26 Commits

Author SHA1 Message Date
Luke Lau
cc7e83601d
[RISCV] Select mask operands as virtual registers and eliminate uses of vmv0 (#125026)
This is another attempt at #88496 to keep mask operands in SSA after
instruction selection.

Previously we selected the mask operands into vmv0, a singleton register
class with exactly one register, V0.

But the register allocator doesn't really support singleton register
classes and we ran into errors like "ran out of registers during
register allocation in function".

This avoids this by introducing a pass just before register allocation
that converts any use of vmv0 to a copy to $v0, i.e. what isel currently
does today.

That way the register allocator doesn't need to deal with the singleton
register class, but we get the benefits of having the mask registers in
SSA throughout the backend:

- This allows RISCVVLOptimizer to reduce the VLs of instructions that
define mask registers
- It enables CSE and code sinking in more places
- It removes the need to peek through mask copies in RISCVISelDAGToDAG
and keep track of V0 defs in RISCVVectorPeephole

This patch initially eliminates uses of vmv0s after RISCVVectorPeephole
to keep the diff to a minimum, and a follow up patch will move it past
the other MachineInstr SSA passes.

Note that it doesn't try to remove any defs of vmv0 as we shouldn't have
any instructions that have any vmv0 outputs.
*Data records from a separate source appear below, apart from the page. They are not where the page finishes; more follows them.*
(* Let $p_0$ be a probability distribution on $\mathbb{R}^d$, fix $t>0$, and let $\theta\mapsto M_t(\theta)$, $\theta\in\mathbb{R}^c$, be a differentiable map into symmetric positive definite $d\times d$ matrices. Let $p_t(\cdot;\theta)=p_0*\mathcal N(0,M_t(\theta))$ (the density of $x_0+M_t(\theta)^{1/2}\epsilon$, $x_0\sim p_0$, $\epsilon\sim\mathcal N(0,I)$ independent), and let $e_1,\dots,e_d$ be the standard basis of $\mathbb{R}^d$. Then for every coordinate $j\in\{1,\dots,c\}$ and all $x\in\mathbb{R}^d$, \[ \partial_{\theta_j}\nabla \log p_t(x;\theta)=\frac12\sum_{i=1}^d\partial_r\partial_s\,\nabla\log p_t\big(x+re_i+s\,\partial_{\theta_j}M_t(\theta)\,e_i;\theta\big)\Big|_{r=s=0}+\partial_s\,\nabla\log p_t\big(x+s\,\partial_{\theta_j}M_t(\theta)\,\nabla\log p_t(x;\theta);\theta\big)\Big|_{s=0}. \] Moreover, let $s(x,t,\phi)$ be a parametric vector field and, for each $\theta$, let $\phi^*(\theta)$ be a minimizer over $\phi$ of the loss \[ L(\theta,\phi)=\mathbb{E}_{t\sim\mathrm{Unif}[0,T],x_0\sim p_0,\epsilon\sim\mathcal N(0,I)}\Big[\big\|(I+M_t(\theta))^{-1/2}(\partial_tM_t(\theta))M_t(\theta)^{1/2}\big(M_t(\theta)^{1/2}s(x_0+M_t(\theta)^{1/2}\epsilon,t,\phi)+\epsilon\big)\big\|_2^2\Big], \] where $t\mapsto M_t(\theta)$ satisfies $M_0(\theta)=0$, $\partial_tM_t(\theta)\succ0$. Under sufficient model capacity and data (so that $s(\cdot,t,\phi^*(\theta))=\nabla\log p_t(\cdot;\theta)$), for all $x\in\mathbb{R}^d$, \[ \partial_{\theta_j}s(x,t,\phi^*(\theta))=\frac12\sum_{i=1}^d\partial_r\partial_s\, s\big(x+re_i+s\,\partial_{\theta_j}M_t(\theta)e_i,\,t,\,\phi^*(\theta)\big)\Big|_{r=s=0}+\partial_s\, s\big(x+s\,\partial_{\theta_j}M_t(\theta)\,s(x,t,\phi^*(\theta)),\,t,\,\phi^*(\theta)\big)\Big|_{s=0}. \]
   Context: In the displayed formulas, $r$ and $s$ (when used as scalar arguments) are real variables and $\partial_r,\partial_s$ denote derivatives with respect to them at $0$; the dependence on $\theta$ inside $\nabla\log p_t(\cdot;\theta)$ and $s(\cdot,t,\phi^*(\theta))$ on the right-hand sides is held fixed when differentiating in $r,s$. $\nabla$ denotes the gradient with respect to $x$. *)

theory Defs
  imports "HOL-Analysis.Analysis" "HOL-Probability.Probability"
begin

definition sym_pd :: "real^'n^'n \<Rightarrow> bool" where
  "sym_pd A \<longleftrightarrow> transpose A = A \<and> (\<forall>v. v \<noteq> 0 \<longrightarrow> v \<bullet> (A *v v) > 0)"

definition sym_psd :: "real^'n^'n \<Rightarrow> bool" where
  "sym_psd A \<longleftrightarrow> transpose A = A \<and> (\<forall>v. v \<bullet> (A *v v) \<ge> 0)"

definition msqrt :: "real^'n^'n \<Rightarrow> real^'n^'n" where
  "msqrt A = (THE B. sym_psd B \<and> B ** B = A)"

definition gauss_density :: "real^'n^'n \<Rightarrow> real^'n \<Rightarrow> real" where
  "gauss_density S z =
     exp (- (z \<bullet> (matrix_inv S *v z)) / 2) / sqrt ((2 * pi) ^ CARD('n) * det S)"

definition smoothed_density :: "(real^'n) measure \<Rightarrow> real^'n^'n \<Rightarrow> real^'n \<Rightarrow> real" where
  "smoothed_density p0 S x = (\<integral>y. gauss_density S (x - y) \<partial>p0)"

definition grad :: "(real^'n \<Rightarrow> real) \<Rightarrow> real^'n \<Rightarrow> real^'n" where
  "grad f x = (\<chi> k. deriv (\<lambda>h. f (x + h *\<^sub>R axis k 1)) 0)"

definition score :: "(real^'n \<Rightarrow> real) \<Rightarrow> real^'n \<Rightarrow> real^'n" where
  "score p = grad (\<lambda>x. ln (p x))"

definition pderiv_param :: "(real^'c \<Rightarrow> 'b::real_normed_vector) \<Rightarrow> real^'c \<Rightarrow> 'c \<Rightarrow> 'b" where
  "pderiv_param F \<theta> j = vector_derivative (\<lambda>h. F (\<theta> + h *\<^sub>R axis j 1)) (at 0)"

definition dderiv2 :: "(real \<Rightarrow> real \<Rightarrow> 'b::real_normed_vector) \<Rightarrow> 'b" where
  "dderiv2 g = vector_derivative (\<lambda>r. vector_derivative (\<lambda>s. g r s) (at 0)) (at 0)"

definition std_normal_vec :: "(real^'n) measure" where
  "std_normal_vec = density lborel (\<lambda>e. ennreal (\<Prod>k\<in>UNIV. std_normal_density (e $ k)))"

definition time_deriv :: "(real \<Rightarrow> real^'c \<Rightarrow> real^'n^'n) \<Rightarrow> real \<Rightarrow> real \<Rightarrow> real^'c \<Rightarrow> real^'n^'n" where
  "time_deriv M T \<tau> \<theta> = vector_derivative (\<lambda>u. M u \<theta>) (at \<tau> within {0..T})"

definition score_loss ::
  "(real^'n) measure \<Rightarrow> (real \<Rightarrow> real^'c \<Rightarrow> real^'n^'n) \<Rightarrow> real
   \<Rightarrow> (real^'n \<Rightarrow> real \<Rightarrow> 'p \<Rightarrow> real^'n) \<Rightarrow> real^'c \<Rightarrow> 'p \<Rightarrow> ennreal" where
  "score_loss p0 M T s \<theta> \<phi> =
     (\<integral>\<^sup>+ \<tau>. indicator {0..T} \<tau> / ennreal T *
        (\<integral>\<^sup>+ x0. (\<integral>\<^sup>+ \<epsilon>.
           ennreal ((norm (matrix_inv (msqrt (mat 1 + M \<tau> \<theta>)) ** time_deriv M T \<tau> \<theta>
                     ** msqrt (M \<tau> \<theta>)
                     *v (msqrt (M \<tau> \<theta>) *v s (x0 + msqrt (M \<tau> \<theta>) *v \<epsilon>) \<tau> \<phi> + \<epsilon>)))\<^sup>2)
         \<partial>std_normal_vec) \<partial>p0) \<partial>lborel)"

end

(*
  With Q the inverse of S, the smoothed density p = p0 * N(0, S) is, up to a constant factor, the
  convolution gconv of p0 with the kernel exp (- z \<bullet> Q z / 2). Its derivatives in x and along a
  curve S h of covariances can be taken under the integral sign, the integrands being polynomials
  times Gaussians, so they are integrals of the kernel moments (a \<bullet> Q z) (b \<bullet> Q z) ...; for the
  h-derivative one uses Q' = - Q S' Q. Up to the normalising constant, which the score does not
  see, this is the heat equation  d/dh p = 1/2 \<Sum>i. D(e i) D(S' e i) p,  D(v) being the derivative
  in direction v. For the score g = grad p / p the claimed identity
  d/dh g = 1/2 \<Sum>i. D(e i) D(S' e i) g + D(S' g) g  then follows by the quotient rule, as an
  algebraic identity between moment integrals.
*)

theory Submission
  imports Defs
begin

lemma has_real_derivative_integral_dominated:
  fixes \<mu> :: "'a measure" and f :: "real \<Rightarrow> 'a \<Rightarrow> real"
  assumes "finite_measure \<mu>" and "\<delta> > 0"
    and meas: "\<And>h. f h \<in> borel_measurable \<mu>"
    and bounded: "\<And>h y. \<bar>h\<bar> < \<delta> \<Longrightarrow> \<bar>f h y\<bar> \<le> C"
    and deriv: "\<And>y. y \<in> space \<mu> \<Longrightarrow> ((\<lambda>h. f h y) has_real_derivative f' y) (at 0)"
    and meas': "f' \<in> borel_measurable \<mu>"
    and lipschitz: "\<And>h y. \<bar>h\<bar> < \<delta> \<Longrightarrow> y \<in> space \<mu> \<Longrightarrow> \<bar>f h y - f 0 y\<bar> \<le> B * \<bar>h\<bar>"
  shows "((\<lambda>h. \<integral>y. f h y \<partial>\<mu>) has_real_derivative (\<integral>y. f' y \<partial>\<mu>)) (at 0)"
proof -
  interpret finite_measure \<mu> by fact
  have integrable: "integrable \<mu> (f h)" if "\<bar>h\<bar> < \<delta>" for h
    using meas bounded[OF that] by (intro integrable_const_bound[where B=C]) auto
  define q where "q h y = (f h y - f 0 y) / h" for h y
  show ?thesis
    unfolding has_field_derivative_iff
  proof (subst tendsto_at_iff_sequentially, intro allI impI)
    fix X :: "nat \<Rightarrow> real"
    assume X: "\<forall>i. X i \<in> UNIV - {0}" "X \<longlonglongrightarrow> 0"
    obtain N where N: "\<And>n. n \<ge> N \<Longrightarrow> \<bar>X n\<bar> < \<delta>"
      using X(2) \<open>\<delta> > 0\<close> unfolding LIMSEQ_def dist_real_def by auto
    have quotient: "((\<lambda>h. ((\<integral>y. f h y \<partial>\<mu>) - (\<integral>y. f 0 y \<partial>\<mu>)) / (h - 0)) \<circ> X) (n + N)
        = (\<integral>y. q (X (n + N)) y \<partial>\<mu>)" for n
      unfolding q_def o_def using integrable[OF N[of "n + N"]] integrable[of 0] \<open>\<delta> > 0\<close> by simp
    have "(\<lambda>n. \<integral>y. q (X (n + N)) y \<partial>\<mu>) \<longlonglongrightarrow> (\<integral>y. f' y \<partial>\<mu>)"
    proof (rule integral_dominated_convergence[where w="\<lambda>_. B"])
      show "AE y in \<mu>. (\<lambda>n. q (X (n + N)) y) \<longlonglongrightarrow> f' y"
      proof (rule AE_I2)
        fix y assume "y \<in> space \<mu>"
        then have "((\<lambda>h. (f h y - f 0 y) / (h - 0)) \<longlongrightarrow> f' y) (at 0)"
          using deriv unfolding has_field_derivative_iff by blast
        then have "(\<lambda>n. q (X n) y) \<longlonglongrightarrow> f' y"
          using X unfolding q_def by (subst (asm) tendsto_at_iff_sequentially) (auto simp: o_def)
        then show "(\<lambda>n. q (X (n + N)) y) \<longlonglongrightarrow> f' y"
          by (rule LIMSEQ_ignore_initial_segment)
      qed
      show "AE y in \<mu>. norm (q (X (n + N)) y) \<le> B" for n
        using lipschitz[OF N] X(1) by (intro AE_I2) (auto simp: q_def abs_divide divide_le_eq)
    qed (use meas meas' in \<open>auto simp: q_def\<close>)
    then show "((\<lambda>h. ((\<integral>y. f h y \<partial>\<mu>) - (\<integral>y. f 0 y \<partial>\<mu>)) / (h - 0)) \<circ> X) \<longlonglongrightarrow> (\<integral>y. f' y \<partial>\<mu>)"
      unfolding quotient[symmetric] by (rule LIMSEQ_offset)
  qed
qed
As a further follow up, we can move the elimination pass to after phi
elimination and outside of SSA, which would unblock the pre-RA scheduler
around masked pseudos. This might also help the issue that
RISCVVectorMaskDAGMutation tries to solve.
2025-02-12 12:06:55 +08:00
Luke Lau
c8ee1164bd
[RISCV] Fix masked->unmasked peephole handling masked pseudos with no passthru (#122253)
Some masked pseudos like PseudoVCPOP_M_B8_MASK don't have a passthru,
but in the masked->unmasked peephole we assumed the masked pseudo always
had one.

This checks for a passthru first and fixes #122245.
2025-01-09 19:54:37 +08:00
Kazu Hirata
82d5dd28b4
[RISCV] Remove unused includes (NFC) (#115814)
Identified with misc-include-cleaner.
2024-11-11 22:54:54 -08:00
Michael Maitland
ae68d532f8
[RISCV][VLOPT] Allow propagation even when VL isn't VLMAX (#112228)
The original goal of this pass was to focus on vector operations with
VLMAX. However, users often utilize only part of the result, and such
usage may come from the vectorizer.

We found that relaxing this constraint can capture more optimization
opportunities, such as non-power-of-2 code generation and vector
operation sequences with different VLs.

---------

Co-authored-by: Kito Cheng <kito.cheng@sifive.com>
2024-10-16 14:58:00 -04:00
Luke Lau
d15e53c1e4
[RISCV] Check vmerge's true is in same block in vmerge -> vmv.v.v peephole (#110861)
The peepholes in RISCVVectorPeephole need to be local and we were
failing to check if the true operand was in the same block as the
vmerge.

Fixes #110832
2024-10-03 12:02:54 +08:00
Philip Reames
12530015a4
[RISCV] Add reductions to list of roots in tryToReduceVL (#107595)
This allows us to reduce VLs feeding reduction instructions. In
particular, this means that <3 x Ty> reduce(load) like sequences no
longer require a VL toggle.

This was waiting on 3d72957; now that the latent correctness issue is
fixed, we can expand this transform.
2024-09-10 18:47:20 -07:00
Luke Lau
7ba6768df8 Revert "[RISCV] Update V0Defs after moving Src in peepholes (#107359)"
This fixes #107950 and adds a test case for it. The issue was due to
us incorrectly assuming that we stored a V0Defs entry for every single
instruction.

We actually only store them for instructions that use V0, so when we
updated the V0Def after moving we sometimes ended up copying nullptr
over from an instruction that doesn't use V0 and clearing the V0Def
entry inadvertently.

Because we don't have V0Defs on instructions that don't use V0, the
FIXME was never actually needed in the first place since the
bookkeeping wasn't out of sync to begin with.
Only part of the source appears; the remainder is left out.